And the Word was RAM. Many say that the first manifestation of sound was AUM, but as far as Maharajji was concerned, everything revolved around RamRamRamRam. He’d be sitting quietly on his tucket, rocking and swaying to the silent tune of Ram. Sometimes he chanted RamRam (go to the home page of www.nkbashram.org and you can hear him chanting Ram). He didn’t use a mala, but would touch each joint of his fingers with his thumb, over and over again, as he did his Ram Nam. He told us, “By taking the name of Ram, everything is accomplished.”
By the time I got to India, I was already on the RamRam bandwagon, having impressed the sound onto the wooden mala Ram Dass had given me in New Hampshire that summer on his father’s farm. He had attached a little thread of Maharajji’s blanket to the end of the “guru bead” on the mala, and it was amazing the amount of connection that little thread had . . . . it pulled me right to India. Of course, I’ve had many different malas since then, and used a number of different mantras over the years to connect to certain energies, but RamRam has always been home base.
Ram.
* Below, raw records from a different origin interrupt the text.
(* Let $X$ and $Y$ be finite topological spaces and give $X\times Y$ the product topology. Then for all $(a,b),(c,d)\in X\times Y$, $$\Psi_{X\times Y}((a,b),(c,d))=\Psi_X(a,c)\,|U_{[d]}|+\Psi_Y(b,d)\,|U_{[c]}|-\Psi_X(a,c)\,\Psi_Y(b,d),$$ where $U_{[c]}$ is the minimal open set of $[c]$ in the quotient space $X/{\sim}$ and $U_{[d]}$ is the minimal open set of $[d]$ in $Y/{\sim}$.
   Context: For a finite topological space $X$ and $x\in X$, $U_x$ denotes the minimal open set containing $x$ (the intersection of all open sets containing $x$). A nested sequence of open sets around $x$ is a finite sequence $U_0\subsetneq U_1\subsetneq\cdots\subsetneq U_m=X$ of open sets with $U_0=U_x$ such that for each $j$ there is no open set $V$ with $U_j\subsetneq V\subsetneq U_{j+1}$. The furtherness function $\Psi_X:X\times X\to\{0,1,\dots,|X|-1\}$ is defined by: $\Psi_X(x,y)$ is the smallest integer $k\ge 0$ such that there exists a nested sequence $(U_j)_{j\ge0}$ of open sets around $x$ with $y\in U_k$. For a finite space $X$, $\sim$ is the equivalence relation $x\sim y$ iff $\Psi_X(x,y)=\Psi_X(y,x)=0$ (equivalently $U_x=U_y$), and $X/{\sim}$ carries the quotient topology; in it $U_{[c]}=\{[y]\mid y\in U_c\}$, so $|U_{[c]}|$ is the number of $\sim$-classes meeting $U_c$. *)

theory Defs
  imports "HOL-Analysis.Analysis"
begin

definition minopen :: "'a topology \<Rightarrow> 'a \<Rightarrow> 'a set" where
  "minopen X x = \<Inter> {V. openin X V \<and> x \<in> V}"

definition nested_seq :: "'a topology \<Rightarrow> 'a \<Rightarrow> 'a set list \<Rightarrow> bool" where
  "nested_seq X x us \<longleftrightarrow>
     us \<noteq> [] \<and> us ! 0 = minopen X x \<and> last us = topspace X \<and>
     (\<forall>j < length us. openin X (us ! j)) \<and>
     (\<forall>j. Suc j < length us \<longrightarrow>
        us ! j \<subset> us ! Suc j \<and>
        \<not> (\<exists>V. openin X V \<and> us ! j \<subset> V \<and> V \<subset> us ! Suc j))"

definition Psi :: "'a topology \<Rightarrow> 'a \<Rightarrow> 'a \<Rightarrow> nat" where
  "Psi X x y = (LEAST k. \<exists>us. nested_seq X x us \<and> k < length us \<and> y \<in> us ! k)"

definition psi_sim :: "'a topology \<Rightarrow> 'a \<Rightarrow> 'a \<Rightarrow> bool" where
  "psi_sim X x y \<longleftrightarrow> Psi X x y = 0 \<and> Psi X y x = 0"

definition sim_class :: "'a topology \<Rightarrow> 'a \<Rightarrow> 'a set" where
  "sim_class X x = {y \<in> topspace X. psi_sim X x y}"

text \<open>Minimal open set of [c] in the quotient X/~ : U_[c] = {[y] | y \<in> U_c}.\<close>
definition quot_minopen :: "'a topology \<Rightarrow> 'a \<Rightarrow> 'a set set" where
  "quot_minopen X c = sim_class X ` minopen X c"

end

theory Submission
  imports Defs
begin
That simple word is more than just the name of Rama, the avatar of Vishnu and hero of the Ramayana, or the name of the formless Absolute. It’s a seed syllable for the element of fire, and it certainly plunged us into the cauldron, burning in the fire of love. Many people mistakenly think that our time with Maharajji was all grace and bliss. Grace, certainly. Bliss, well, sometimes. When the light is so very bright, as it was in his presence, everything that’s buried within you, all your shadow stuff, comes up and looms larger and darker than you can imagine. I spent many hours sitting on a rock in the river that runs behind the ashram in Kainchi, crying my heart out.
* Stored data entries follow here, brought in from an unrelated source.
(* For all $n,m,N\in\mathbb{Z}$ the automorphisms $s_0,s_1,s_2,\pi,w_0,w_1,r$ act on the $\tau$ functions $\tau^{n,m}_N$ as follows: \[ s_0(\tau^{n,m}_{N})=\tau^{-n,m-n}_{N},\quad s_1(\tau^{n,m}_{N})=\tau^{m-1,n+1}_{N},\quad s_2(\tau^{n,m}_{N})=\tau^{n-m,-m}_{N},\quad \pi(\tau^{n,m}_{N})=\tau^{-m,n-m+1}_{N}, \] \[ w_0(\tau^{n,m}_{N})=\tau^{n,m}_{-N},\quad w_1(\tau^{n,m}_{N})=\tau^{n,m}_{2-N},\quad r(\tau^{n,m}_{N})=\tau^{n,m}_{1-N}. \]
   Context: Let $Q\in\mathbb{C}^\times$ be generic and let $\alpha_0,\alpha_1,\gamma$ be indeterminates; put $\alpha_2:=Q\alpha_0^{-1}\alpha_1^{-1}$, so $\alpha_0\alpha_1\alpha_2=Q$ (these are sixth roots of the usual parameters: $q=Q^6$, $a_i=\alpha_i^6$, $c=\gamma^6$). Let $\tau_i,\bar\tau_i$ ($i\in\mathbb{Z}/3\mathbb{Z}$) be six further indeterminates and $K=\mathbb{C}(\alpha_0,\alpha_1,\gamma,\tau_0,\tau_1,\tau_2,\bar\tau_0,\bar\tau_1,\bar\tau_2)$. Indices are taken mod 3. Define field automorphisms $s_0,s_1,s_2,\pi,w_0,w_1,r$ of $K$ (fixing $\mathbb{C}$) as follows. On parameters: $s_i(\alpha_i)=\alpha_i^{-1}$, $s_i(\alpha_j)=\alpha_j\alpha_i$ ($j\neq i$), $\pi(\alpha_j)=\alpha_{j+1}$, $s_i(\gamma)=\pi(\gamma)=\gamma$; $w_0,w_1,r$ fix every $\alpha_j$, and $w_0(\gamma)=\gamma^{-1}$, $w_1(\gamma)=Q^{-2}\gamma^{-1}$, $r(\gamma)=Q^{-1}\gamma^{-1}$. With $u_i=Q^{-2}\gamma^{-4}\alpha_i^6$ and $v_i=Q^{2}\gamma^{4}\alpha_i^6$: $s_i(\tau_i)=\dfrac{u_i\tau_{i+1}\bar\tau_{i-1}+\bar\tau_{i+1}\tau_{i-1}}{Q^{-1}\gamma^{-2}\alpha_i^{3}\,\bar\tau_i}$, $s_i(\bar\tau_i)=\dfrac{v_i\bar\tau_{i+1}\tau_{i-1}+\tau_{i+1}\bar\tau_{i-1}}{Q\gamma^{2}\alpha_i^{3}\,\tau_i}$, and $s_i$ fixes $\tau_j,\bar\tau_j$ for $j\ne i$; $\pi(\tau_i)=\tau_{i+1}$, $\pi(\bar\tau_i)=\bar\tau_{i+1}$; $w_0(\tau_i)=\tau_i$, $w_0(\bar\tau_i)=\dfrac{\alpha_{i+1}^2(\bar\tau_i\tau_{i+1}\tau_{i+2}+u_{i-1}\tau_i\bar\tau_{i+1}\tau_{i+2}+u_{i+1}^{-1}\tau_i\tau_{i+1}\bar\tau_{i+2})}{\alpha_{i+2}^2\,\bar\tau_{i+1}\bar\tau_{i+2}}$; $w_1(\bar\tau_i)=\bar\tau_i$, $w_1(\tau_i)=\dfrac{\alpha_{i+1}^2(\tau_i\bar\tau_{i+1}\bar\tau_{i+2}+v_{i-1}\bar\tau_i\tau_{i+1}\bar\tau_{i+2}+v_{i+1}^{-1}\bar\tau_i\bar\tau_{i+1}\tau_{i+2})}{\alpha_{i+2}^2\,\tau_{i+1}\tau_{i+2}}$; $r(\tau_i)=\bar\tau_i$, $r(\bar\tau_i)=\tau_i$. A product of generators denotes composition of automorphisms ($xy=x\circ y$). These generate a realization of the extended affine Weyl group of type $(A_2+A_1)^{(1)}$. Set $T_1=\pi s_2s_1$, $T_2=s_1\pi s_2$, $T_4=rw_0$ (these commute), and define $\tau^{n,m}_N=T_1^{\,n}T_2^{\,m}T_4^{\,N}(\tau_1)$ for $n,m,N\in\mathbb{Z}$. *)

theory Defs
  imports "HOL-Analysis.Analysis"
begin

text \<open>Model of the field K = C(Q, alpha0, alpha1, gamma, tau_i, taubar_i).
  The generic parameter Q is treated as one more indeterminate.  An element of K is
  represented by a function on points (assignments of complex values to the
  indeterminates); two elements are equal in K iff the representing functions agree
  on a nonempty open set of points.  A field automorphism fixing C and sending each
  generator x to a rational expression e_x acts by pullback along the point map
  p |-> (x |-> e_x(p)).  Indices of tau, taubar, alpha are read mod 3.\<close>

datatype var = Qv | Al0 | Al1 | Ga | Tau int | Taub int

type_synonym point = "var \<Rightarrow> complex"
type_synonym kelt = "point \<Rightarrow> complex"
type_synonym aut = "kelt \<Rightarrow> kelt"

definition Qp :: "point \<Rightarrow> complex" where "Qp p = p Qv"
definition gam :: "point \<Rightarrow> complex" where "gam p = p Ga"

definition alph :: "point \<Rightarrow> int \<Rightarrow> complex" where
  "alph p i = (if i mod 3 = 0 then p Al0 else if i mod 3 = 1 then p Al1
               else Qp p / (p Al0 * p Al1))"

definition tau :: "point \<Rightarrow> int \<Rightarrow> complex" where "tau p i = p (Tau (i mod 3))"
definition taub :: "point \<Rightarrow> int \<Rightarrow> complex" where "taub p i = p (Taub (i mod 3))"

definition uu :: "point \<Rightarrow> int \<Rightarrow> complex" where
  "uu p i = alph p i ^ 6 / (Qp p ^ 2 * gam p ^ 4)"
definition vv :: "point \<Rightarrow> int \<Rightarrow> complex" where
  "vv p i = Qp p ^ 2 * gam p ^ 4 * alph p i ^ 6"

definition sig_s :: "int \<Rightarrow> point \<Rightarrow> point" where
  "sig_s i p = (\<lambda>x. case x of
      Qv \<Rightarrow> Qp p
    | Al0 \<Rightarrow> (if i mod 3 = 0 then 1 / alph p 0 else alph p 0 * alph p i)
    | Al1 \<Rightarrow> (if i mod 3 = 1 then 1 / alph p 1 else alph p 1 * alph p i)
    | Ga \<Rightarrow> gam p
    | Tau j \<Rightarrow> (if j mod 3 = i mod 3 then
          (uu p i * tau p (i+1) * taub p (i-1) + taub p (i+1) * tau p (i-1))
          / (alph p i ^ 3 * taub p i / (Qp p * gam p ^ 2))
        else tau p j)
    | Taub j \<Rightarrow> (if j mod 3 = i mod 3 then
          (vv p i * taub p (i+1) * tau p (i-1) + tau p (i+1) * taub p (i-1))
          / (Qp p * gam p ^ 2 * alph p i ^ 3 * tau p i)
        else taub p j))"

definition sig_pi :: "point \<Rightarrow> point" where
  "sig_pi p = (\<lambda>x. case x of
      Qv \<Rightarrow> Qp p | Al0 \<Rightarrow> alph p 1 | Al1 \<Rightarrow> alph p 2 | Ga \<Rightarrow> gam p
    | Tau j \<Rightarrow> tau p (j+1) | Taub j \<Rightarrow> taub p (j+1))"

definition sig_w0 :: "point \<Rightarrow> point" where
  "sig_w0 p = (\<lambda>x. case x of
      Qv \<Rightarrow> Qp p | Al0 \<Rightarrow> alph p 0 | Al1 \<Rightarrow> alph p 1 | Ga \<Rightarrow> 1 / gam p
    | Tau j \<Rightarrow> tau p j
    | Taub i \<Rightarrow> alph p (i+1) ^ 2 *
        (taub p i * tau p (i+1) * tau p (i+2) + uu p (i-1) * tau p i * taub p (i+1) * tau p (i+2)
         + (1 / uu p (i+1)) * tau p i * tau p (i+1) * taub p (i+2))
        / (alph p (i+2) ^ 2 * taub p (i+1) * taub p (i+2)))"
And Blake, part of what created such pain and suffering, even in the presence of the guru, was the confusion created by the very question that’s plaguing you about the spiritual versus the worldly. Did I have to be a disciplined and unattached yogi to “go to God,” or was it okay to be simply a sloppy bhakti who wanted to get married and have kids and nice dishes? Did I have to do rigorous practices so I could merge into the Oneness, or was it all right to kick back and have some fun in good old duality?
Over the years, I had a lot of trouble with those who answered every question or viewed every situation with an “up-level.” Like those who said about Maharajji leaving his body, “But where could he go?” and claimed not to miss his form when all I wanted was to touch his feet one more time. Sure, in Oneness, I AM all form, the breath, the river, the guru, and the void. But down here, rooted in the Mother, I’m definitely attached to my kids and grandkids and Project Runway.
And you know what? It’s all okay. Just keep saying Ram, whenever you remember to. After a while, it says you.